Andrew Vaughan Alison Redford. Andrew Vaughan / La Presse Canadienne

EDMONTON – La première ministre albertaine, Alison Redford, a nié avoir utilisé son ancien poste en tant que ministre de la Justice afin que la firme pour laquelle travaillait son ancien mari gère une poursuite de 10 milliards $ contre des compagnies de l’industrie du tabac.

Mme Redford a admis avoir rédigé une note en 2010 recommandant que le mandat soit donné à un consortium de firme d’avocats, incluant celle pour laquelle travaillait son ancien mari, Robert Hawkes.

Elle a indiqué à la législature, lors de la période de questions, que cette note représentait simplement ses pensées à l’époque et que la décision finale afin d’y aller avec ce consortium avait été prise par Verlyn Olson, qui l’a remplacée au ministère quand elle a quitté ses fonctions en 2011 afin de se présenter à la chefferie du Parti conservateur.

«Cette note représentait vraiment ce qui devait être considéré», a dit Mme Redford.

«Quatre mois plus tard, quand je n’étais pas ministre de la Justice, le gouvernement de l’Alberta, je suppose, a considéré les mêmes facteurs et c’est pour cette raison que cette décision a été prise.»

La chef du Parti Wildrose, Danielle Smith, et le chef du NPD, Brian Mason, ont déclaré que même en faisant abstraction du résultat, Mme Redford a fait part d’un manque de jugement en offrant son opinion dans un contrat qui aurait pu bénéficier son ancien mari.

M. Hawkes est resté près de Mme Redford au niveau professionnel en tant que conseiller et était le chef de son équipe de transition quand elle est devenue première ministre à l’automne 2011.

«Vous n’avez pas réalisé que c’était inapproprié pour vous d’être impliquée dans une décision qui aurait un impact financier majeur pour votre ancien mari?» a demandé M. Mason à Mme Redford.

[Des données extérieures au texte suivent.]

definition hermQ :: "form \<Rightarrow> form \<Rightarrow> form \<Rightarrow> complex" where
  "hermQ \<Omega> a b = \<i> * star (wedge (wedge a (conj_form b)) \<Omega>)"

end

(* Identify a real (1,1)-form X with its Hermitian coefficient matrix hmat X.  The top-degree
   product U wedge X wedge Y is then (i/8) times a trilinear mixed determinant of the three
   matrices, so Q(a, a) = 2 (D(A, H00, H11) - D(A, H01, H10)) with H_ij = hmat M_ij and
   A = (a_p conj a_q) of rank one.  Writing the coefficient vector of a as a cross product u x v,
   the rank-one matrix A only sees the restrictions of the H_ij to the plane span {u, v}; choosing
   v orthogonal to u for H00, the quantity becomes
     a b' + a' b - 2 Re (c conj c') + |d|^2 + |d'|^2,
   where d, d' are the values of H01 at (u, v) and (v, u), and [[a, c], [conj c, b]] and
   [[a', c'], [conj c', b']] are the matrices (H_ij (w, w)) for w = u and w = v.  Griffiths
   positivity says exactly that these two matrices are positive definite, so |c|^2 < a b and
   |c'|^2 < a' b', and then 2 |c c'| < 2 sqrt (a b' a' b) <= a b' + a' b. *)

theory Submission
  imports Defs "Jordan_Normal_Form.Determinant"
begin

section \<open>The top-degree product of (1,1)-forms\<close>

lemma sum_Pow_insert:
  assumes "x \<notin> A" "finite A"
  shows "(\<Sum>B\<in>Pow (insert x A). F B) = (\<Sum>B\<in>Pow A. F B) + (\<Sum>B\<in>Pow A. F (insert x B))"
proof -
  have "inj_on (insert x) (Pow A)"
    using assms unfolding inj_on_def by auto
  moreover have "Pow A \<inter> insert x ` Pow A = {}"
    using assms by auto
  ultimately show ?thesis
    using assms by (simp add: Pow_insert sum.union_disjoint sum.reindex)
qed

definition num_less :: "nat \<Rightarrow> nat set \<Rightarrow> nat" where
  "num_less a B = card {b\<in>B. b < a}"

lemma num_less_empty: "num_less a {} = 0"
  by (simp add: num_less_def)

lemma num_less_insert:
  assumes "finite B" "x \<notin> B"
  shows "num_less a (insert x B) = (if x < a then Suc (num_less a B) else num_less a B)"
proof -
  have "{b \<in> insert x B. b < a} = (if x < a then insert x {b\<in>B. b < a} else {b\<in>B. b < a})"
    by auto
  then show ?thesis
    using assms unfolding num_less_def by simp
qed

lemma shuffle_sign_empty: "shuffle_sign {} B = 1"
  by (simp add: shuffle_sign_def)

lemma shuffle_sign_insert:
  assumes "finite A" "finite B" "a \<notin> A"
  shows "shuffle_sign (insert a A) B = (-1) ^ num_less a B * shuffle_sign A B"
proof -
  let ?inv = "\<lambda>A. {(x, y). x \<in> A \<and> y \<in> B \<and> y < x}"
  have split: "?inv (insert a A) = Pair a ` {b\<in>B. b < a} \<union> ?inv A"
    by auto
  have "finite (?inv A)"
    by (rule finite_subset[of _ "A \<times> B"]) (use assms in auto)
  then have "card (?inv (insert a A)) = num_less a B + card (?inv A)"
    unfolding split num_less_def using assms
    by (subst card_Un_disjoint) (auto simp: card_image inj_on_def)
  then show ?thesis
    unfolding shuffle_sign_def by (simp add: power_add)
qed

lemma lessThan_3_eq: "{..<3::nat} = {0, 1, 2}"
  by auto

lemma lessThan_6_eq: "{..<6::nat} = {0, 1, 2, 3, 4, 5}"
  by auto

(* is_pq with the support condition dropped: only the bidegree matters for wedge products. *)
definition bidegree :: "nat \<Rightarrow> nat \<Rightarrow> form \<Rightarrow> bool" where
  "bidegree p q f \<longleftrightarrow> (\<forall>S. f S \<noteq> 0 \<longrightarrow> card (S \<inter> {..<3}) = p \<and> card (S \<inter> {3..<6}) = q)"

lemma is_pq_imp_bidegree: "is_pq p q f \<Longrightarrow> bidegree p q f"
  unfolding is_pq_def bidegree_def by blast

lemma bidegree_coeff_eq_0:
  "bidegree p q f \<Longrightarrow> \<not> (card (S \<inter> {..<3}) = p \<and> card (S \<inter> {3..<6}) = q) \<Longrightarrow> f S = 0"
  unfolding bidegree_def by blast

lemma bidegree_wedge:
  assumes f: "bidegree p q f" and g: "bidegree p' q' g"
  shows "bidegree (p + p') (q + q') (wedge f g)"
  unfolding bidegree_def
proof (intro allI impI)
  fix S assume nz: "wedge f g S \<noteq> 0"
  then have "finite (Pow S)"
    unfolding wedge_def by (meson sum.infinite)
  then have fin: "finite S"
    by simp
  from nz have "\<exists>A\<in>Pow S. shuffle_sign A (S - A) * f A * g (S - A) \<noteq> 0"
    unfolding wedge_def by (meson sum.neutral)
  then obtain A where A: "A \<subseteq> S" "f A \<noteq> 0" "g (S - A) \<noteq> 0"
    by auto
  have card_split: "card (S \<inter> L) = card (A \<inter> L) + card ((S - A) \<inter> L)" for L
  proof -
    have "S \<inter> L = (A \<inter> L) \<union> ((S - A) \<inter> L)" "(A \<inter> L) \<inter> ((S - A) \<inter> L) = {}"
      using A(1) by auto
    moreover have "finite A"
      using A(1) fin by (rule finite_subset)
    ultimately show ?thesis
      using fin by (simp add: card_Un_disjoint)
  qed
  show "card (S \<inter> {..<3}) = p + p' \<and> card (S \<inter> {3..<6}) = q + q'"
    using f A(2) g A(3) unfolding bidegree_def card_split by auto
qed

lemma bidegree_smult: "bidegree p q f \<Longrightarrow> bidegree p q (form_smult c f)"
  unfolding bidegree_def form_smult_def by auto

lemma bidegree_dz: "k < 3 \<Longrightarrow> bidegree 1 0 (dz k)"
  unfolding bidegree_def dz_def gen_def by auto

lemma bidegree_dzbar: "k < 3 \<Longrightarrow> bidegree 0 1 (dzbar k)"
  unfolding bidegree_def dzbar_def gen_def by auto

lemma csw_csw [simp]: "csw (csw i) = i"
  unfolding csw_def by auto

lemma inj_csw: "inj csw"
  by (metis csw_csw injI)

lemma csw_image_holomorphic: "csw ` {..<3} = {3..<6}"
proof
  show "csw ` {..<3} \<subseteq> {3..<6}"
    by (auto simp: csw_def)
  show "{3..<6} \<subseteq> csw ` {..<3}"
  proof
    fix x :: nat assume "x \<in> {3..<6}"
    then have "x = csw (x - 3)" "x - 3 < 3"
      by (auto simp: csw_def)
    then show "x \<in> csw ` {..<3}"
      by blast
  qed
qed

lemma csw_image_antiholomorphic: "csw ` {3..<6} = {..<3}"
  by (simp flip: csw_image_holomorphic add: image_image)

lemma bidegree_conj_form:
  assumes f: "bidegree p q f"
  shows "bidegree q p (conj_form f)"
  unfolding bidegree_def
proof (intro allI impI)
  fix T assume "conj_form f T \<noteq> 0"
  then have "f (csw ` T) \<noteq> 0"
    unfolding conj_form_def by auto
  then have "card (csw ` T \<inter> {..<3}) = p" "card (csw ` T \<inter> {3..<6}) = q"
    using f unfolding bidegree_def by auto
  moreover have "card (csw ` T \<inter> csw ` S) = card (T \<inter> S)" for S
    by (metis image_Int[OF inj_csw] card_image inj_on_subset[OF inj_csw subset_UNIV])
  ultimately show "card (T \<inter> {..<3}) = q \<and> card (T \<inter> {3..<6}) = p"
    by (metis csw_image_holomorphic csw_image_antiholomorphic)
qed

definition other_lo :: "nat \<Rightarrow> nat" where
  "other_lo x = (if x = 0 then 1 else 0)"

definition other_hi :: "nat \<Rightarrow> nat" where
  "other_hi x = (if x = 2 then 1 else 2)"

definition mixed_minor ::
    "(nat \<Rightarrow> nat \<Rightarrow> complex) \<Rightarrow> (nat \<Rightarrow> nat \<Rightarrow> complex) \<Rightarrow> nat \<Rightarrow> nat \<Rightarrow> complex" where
  "mixed_minor X Y x y =
     X (other_lo x) (other_lo y) * Y (other_hi x) (other_hi y)
   + X (other_hi x) (other_hi y) * Y (other_lo x) (other_lo y)
   - X (other_lo x) (other_hi y) * Y (other_hi x) (other_lo y)
   - X (other_hi x) (other_lo y) * Y (other_lo x) (other_hi y)"

(* Laplace expansion with polarised 2x2 minors: mixed_det X X X = 2 * det X. *)
definition mixed_det :: "(nat \<Rightarrow> nat \<Rightarrow> complex) \<Rightarrow> (nat \<Rightarrow> nat \<Rightarrow> complex) \<Rightarrow>
    (nat \<Rightarrow> nat \<Rightarrow> complex) \<Rightarrow> complex" where
  "mixed_det U X Y = (\<Sum>x<3. \<Sum>y<3. (-1) ^ (x + y) * U x y * mixed_minor X Y x y)"

(* A real (1,1)-form is X = (i/2) sum hmat X p q dz_p wedge dzbar_q, with hmat X Hermitian. *)
definition hmat :: "form \<Rightarrow> nat \<Rightarrow> nat \<Rightarrow> complex" where
  "hmat X p q = -2 * \<i> * X {p, q + 3}"

lemma mixed_det_cong:
  assumes "\<And>p q. p < 3 \<Longrightarrow> q < 3 \<Longrightarrow> U p q = U' p q"
    and "\<And>p q. p < 3 \<Longrightarrow> q < 3 \<Longrightarrow> X p q = X' p q"
    and "\<And>p q. p < 3 \<Longrightarrow> q < 3 \<Longrightarrow> Y p q = Y' p q"
  shows "mixed_det U X Y = mixed_det U' X' Y'"
  unfolding mixed_det_def mixed_minor_def
  by (intro sum.cong refl) (simp add: assms other_lo_def other_hi_def)

lemma mixed_det_scale:
  "mixed_det (\<lambda>p q. a * U p q) (\<lambda>p q. b * X p q) (\<lambda>p q. c * Y p q) = a * b * c * mixed_det U X Y"
  unfolding mixed_det_def mixed_minor_def by (simp add: sum_distrib_left algebra_simps)

lemma wedge_top_laplace:
  assumes "bidegree 1 1 U" "bidegree 2 2 W"
  shows "wedge U W {..<6} = (\<Sum>x<3. \<Sum>y<3. (-1) ^ (x + y) * U {x, y + 3} * W ({..<6} - {x, y + 3}))"
  unfolding wedge_def lessThan_6_eq lessThan_3_eq
  by (simp add: sum_Pow_insert shuffle_sign_insert num_less_empty num_less_insert shuffle_sign_empty
      bidegree_coeff_eq_0[OF assms(1)] bidegree_coeff_eq_0[OF assms(2)] insert_Diff_if insert_commute)

lemma wedge_coeff22_eq_mixed_minor:
  assumes X: "bidegree 1 1 X" and Y: "bidegree 1 1 Y" and "x < 3" "y < 3"
  shows "wedge X Y ({..<6} - {x, y + 3}) =
    - mixed_minor (\<lambda>p q. X {p, q + 3}) (\<lambda>p q. Y {p, q + 3}) x y"
proof -
  have "x \<in> {0, 1, 2} \<and> y \<in> {0, 1, 2}"
    using \<open>x < 3\<close> \<open>y < 3\<close> by auto
  then show ?thesis
    unfolding wedge_def mixed_minor_def other_lo_def other_hi_def lessThan_6_eq
    by (elim conjE insertE emptyE)
      (simp_all add: sum_Pow_insert shuffle_sign_insert num_less_empty num_less_insert
        shuffle_sign_empty bidegree_coeff_eq_0[OF X] bidegree_coeff_eq_0[OF Y]
        insert_Diff_if insert_commute)
qed

lemma wedge_top_eq_mixed_det:
  assumes U: "bidegree 1 1 U" and X: "bidegree 1 1 X" and Y: "bidegree 1 1 Y"
  shows "wedge U (wedge X Y) {..<6} = \<i> / 8 * mixed_det (hmat U) (hmat X) (hmat Y)"
proof -
  let ?coeff = "\<lambda>Z p q. Z {p, q + 3}"
  have XY: "bidegree 2 2 (wedge X Y)"
    using bidegree_wedge[OF X Y] by (simp add: numeral_2_eq_2)
  have coeff: "?coeff Z = (\<lambda>p q. \<i> / 2 * hmat Z p q)" for Z
    by (simp add: hmat_def fun_eq_iff)
  have "wedge U (wedge X Y) {..<6} = - mixed_det (?coeff U) (?coeff X) (?coeff Y)"
    unfolding wedge_top_laplace[OF U XY] mixed_det_def
    by (simp add: wedge_coeff22_eq_mixed_minor[OF X Y] sum_negf)
  also have "\<dots> = - (\<i> / 2 * (\<i> / 2) * (\<i> / 2)) * mixed_det (hmat U) (hmat X) (hmat Y)"
    unfolding coeff mixed_det_scale by simp
  also have "- (\<i> / 2 * (\<i> / 2) * (\<i> / 2)) = (\<i> / 8 :: complex)"
    by (simp add: complex_eq_iff)
  finally show ?thesis .
qed

lemma conj_form_singleton: "conj_form f {k} = cnj (f {csw k})"
proof -
  have empty: "{(a, b). a \<in> csw ` {k} \<and> b \<in> csw ` {k} \<and> a < b \<and> csw b < csw a} = {}"
    by auto
  show ?thesis
    unfolding conj_form_def empty by simp
qed

lemma conj_form_coeff11:
  assumes "p < 3" "q < 3"
  shows "conj_form f {p, q + 3} = - cnj (f {q, p + 3})"
proof -
  have image: "csw ` {p, q + 3} = {q, p + 3}"
    using assms by (auto simp: csw_def)
  have inversions: "{(a, b). a \<in> {q, p + 3} \<and> b \<in> {q, p + 3} \<and> a < b \<and> csw b < csw a} = {(q, p + 3)}"
    using assms by (auto simp: csw_def)
  show ?thesis
    unfolding conj_form_def image inversions by simp
qed

lemma hmat_conj_form: "p < 3 \<Longrightarrow> q < 3 \<Longrightarrow> hmat (conj_form f) p q = cnj (hmat f q p)"
  by (simp add: hmat_def conj_form_coeff11)

lemma wedge_conj_form_coeff11:
  assumes a: "bidegree 1 0 a" and b: "bidegree 1 0 b" and "p < 3" "q < 3"
  shows "wedge a (conj_form b) {p, q + 3} = a {p} * cnj (b {q})"
proof -
  have b': "bidegree 0 1 (conj_form b)"
    using bidegree_conj_form[OF b] .
  have "p \<in> {0, 1, 2}" "q \<in> {0, 1, 2}"
    using \<open>p < 3\<close> \<open>q < 3\<close> by auto
  then show ?thesis
    unfolding wedge_def
    by (auto simp: sum_Pow_insert shuffle_sign_insert num_less_empty num_less_insert shuffle_sign_empty
        bidegree_coeff_eq_0[OF a] bidegree_coeff_eq_0[OF b'] insert_Diff_if insert_commute
        conj_form_singleton csw_def)
qed

lemma hmat_standard_kahler:
  assumes "k < 3" "p < 3" "q < 3"
  shows "hmat (form_smult (\<i> / 2) (wedge (dz k) (dzbar k))) p q = (if p = k \<and> q = k then 1 else 0)"
proof -
  have "wedge (dz k) (dzbar k) {p, q + 3} = (if p = k \<and> q = k then 1 else 0)"
    using assms unfolding wedge_def dz_def dzbar_def gen_def
    by (auto simp: sum_Pow_insert shuffle_sign_insert num_less_empty num_less_insert
        shuffle_sign_empty insert_Diff_if)
  then show ?thesis
    by (simp add: hmat_def form_smult_def)
qed
lemma real_step_induct:
  fixes Q :: "real \<Rightarrow> bool"
  assumes "r > 0" and "Q t0" and step: "\<And>s t. Q s \<Longrightarrow> \<bar>s - t\<bar> \<le> r \<Longrightarrow> Q t"
  shows "Q t"
proof -
  have "\<forall>t. \<bar>t - t0\<bar> \<le> real (Suc n) * r \<longrightarrow> Q t" for n
  proof (induction n)
    case 0
    then show ?case using step[OF \<open>Q t0\<close>] by (simp add: abs_minus_commute)
  next
    case (Suc n)
    show ?case
    proof (intro allI impI)
      fix t assume t: "\<bar>t - t0\<bar> \<le> real (Suc (Suc n)) * r"
      define s where "s = (if t0 \<le> t then max t0 (t - r) else min t0 (t + r))"
      have "\<bar>s - t0\<bar> \<le> real (Suc n) * r \<and> \<bar>s - t\<bar> \<le> r"
      proof (cases "t0 \<le> t")
        case True
        then show ?thesis using t \<open>r > 0\<close> unfolding s_def by (simp add: ring_distribs abs_if max_def)
      next
        case False
        then show ?thesis using t \<open>r > 0\<close> unfolding s_def by (simp add: ring_distribs abs_if min_def)
      qed
      then show "Q t" using Suc.IH step by blast
    qed
  qed
  moreover obtain k where "\<bar>t - t0\<bar> \<le> real (Suc k) * r"
  proof -
    have "\<bar>t - t0\<bar> / r \<le> real (nat \<lceil>\<bar>t - t0\<bar> / r\<rceil>)" by (rule real_nat_ceiling_ge)
    then have "\<bar>t - t0\<bar> \<le> real (nat \<lceil>\<bar>t - t0\<bar> / r\<rceil>) * r" using \<open>r > 0\<close> by (simp only: pos_divide_le_eq)
    then show ?thesis using that[of "nat \<lceil>\<bar>t - t0\<bar> / r\<rceil>"] \<open>r > 0\<close> by (simp add: algebra_simps)
  qed
  ultimately show ?thesis by blast
qed

context
  fixes \<delta> \<epsilon> :: real and C :: "(nat \<Rightarrow> 'a::metric_space) set set" and P :: "'a \<Rightarrow> bool"
  assumes hyp: "gromov_hyperbolic \<delta> TYPE('a)" and "\<delta> \<ge> 0" and "\<epsilon> > 0"
    and step: "\<And>y y'. P y \<Longrightarrow> y' \<in> QC_Hull C \<Longrightarrow> dist y y' \<le> 4 * \<delta> + \<epsilon> \<Longrightarrow> P y'"
begin
lemma invariant_uniform_measure_positive_part:
  assumes "emeasure (\<psi> 0) {0} = 1" and "emeasure \<pi> {0<..1} \<noteq> 0"
  shows "invariant_measure \<psi> (uniform_measure \<pi> {0<..1})"
  unfolding invariant_measure_def
proof (intro conjI ballI)
  have D: "{0<..1} \<in> sets \<pi>"
    by (simp add: sets_\<pi> positive_part_sets_unit_space)
  show "prob_space (uniform_measure \<pi> {0<..1})"
    using assms(2) \<pi>.emeasure_finite by (intro prob_space_uniform_measure) auto
  show "sets (uniform_measure \<pi> {0<..1}) = sets unit_space"
    by (simp add: sets_\<pi>)
  fix B assume B: "B \<in> sets unit_space"
  have "(\<integral>\<^sup>+y. emeasure (\<psi> y) B \<partial>uniform_measure \<pi> {0<..1})
      = (\<integral>\<^sup>+y. emeasure (\<psi> y) B * indicator {0<..1} y \<partial>\<pi>) / emeasure \<pi> {0<..1}"
    using emeasure_kernel_measurable[OF B] D
    by (simp add: nn_integral_uniform_measure measurable_cong_sets[OF sets_\<pi> refl])
  also have "\<dots> = emeasure (uniform_measure \<pi> {0<..1}) B"
    using B D by (simp add: nn_integral_kernel_positive_part[OF assms(1) B] sets_\<pi>)
  finally show "emeasure (uniform_measure \<pi> {0<..1}) B
      = (\<integral>\<^sup>+y. emeasure (\<psi> y) B \<partial>uniform_measure \<pi> {0<..1})" ..
qed

lemma emeasure_positive_part: "emeasure \<pi> {0<..1} = ennreal (1 - measure \<pi> {0})"
proof -
  have "{0<..1} = space \<pi> - {0}"
    by (auto simp: space_\<pi>)
  then show ?thesis
    by (simp add: \<pi>.emeasure_eq_measure \<pi>.prob_compl sets_\<pi> singleton_sets_unit_space)
qed

lemma emeasure_eq_mixture:
  assumes "measure \<pi> {0} < 1" and B: "B \<in> sets unit_space"
  shows "emeasure \<pi> B = ennreal (measure \<pi> {0}) * emeasure (return unit_space 0) B
      + ennreal (1 - measure \<pi> {0}) * emeasure (uniform_measure \<pi> {0<..1}) B"
proof -
  have "{0<..1} \<in> sets \<pi>" "B \<in> sets \<pi>"
    using B by (simp_all add: sets_\<pi> positive_part_sets_unit_space)
  then have "ennreal (1 - measure \<pi> {0}) * emeasure (uniform_measure \<pi> {0<..1}) B
      = emeasure \<pi> ({0<..1} \<inter> B)"
    using assms(1) by (simp add: emeasure_positive_part ennreal_times_divide
        mult.commute[of "ennreal (1 - measure \<pi> {0})"] mult_divide_eq_ennreal)
  then show ?thesis
    using emeasure_split_zero[OF B] B
    by (simp add: \<pi>.emeasure_eq_measure mult.commute add.commute)
qed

Mme Redford, elle-même une avocate, est restée assise sur les bancs afin de répondre aux questions des Wildrose et de M. Mason en plus de renvoyer certaines questions à Jonathan Denis, qui est présentement ministre de la Justice.

Mais quand un porte-parole des Wildrose, Rob Anderson, qui est aussi avocat, a sous-entendu que les actions de Mme Redford violaient ses obligations envers la profession judiciaire et qu’il était impossible de porter plainte contre Mme Redford puisque le président désigné du Barreau faisait aussi partie de l’équipe en charge de la poursuite contre les compagnies de l’industrie du tabac, son attitude a changé.

Mme Redford a bondi de son siège.

«C’est complètement absurde», a-t-elle répliqué.

«Si cette personne (M. Anderson), qui théoriquement devrait comprendre ce qu’est le Barreau, est maintenant prête à diffamer contre toute la profession judiciaire de la province, et bien je n’ai aucune idée vers où cette discussion s’en va.

«Mais si ce membre ‘honorable’ décide de porter plainte, qu’il le fasse!» a-t-elle déclaré alors que les membres de son cabinet l’encourageaient.

La controverse entourant la poursuite contre les compagnies de l’industrie du tabac a fait surface mercredi, quand CBC a diffusé un rapport détaillant comment le ministère de la Justice a embauché International Tobacco Recovery Lawyers (TRL), un consortium de firmes d’avocats de la Floride, d’Ontario et d’Alberta, en 2011.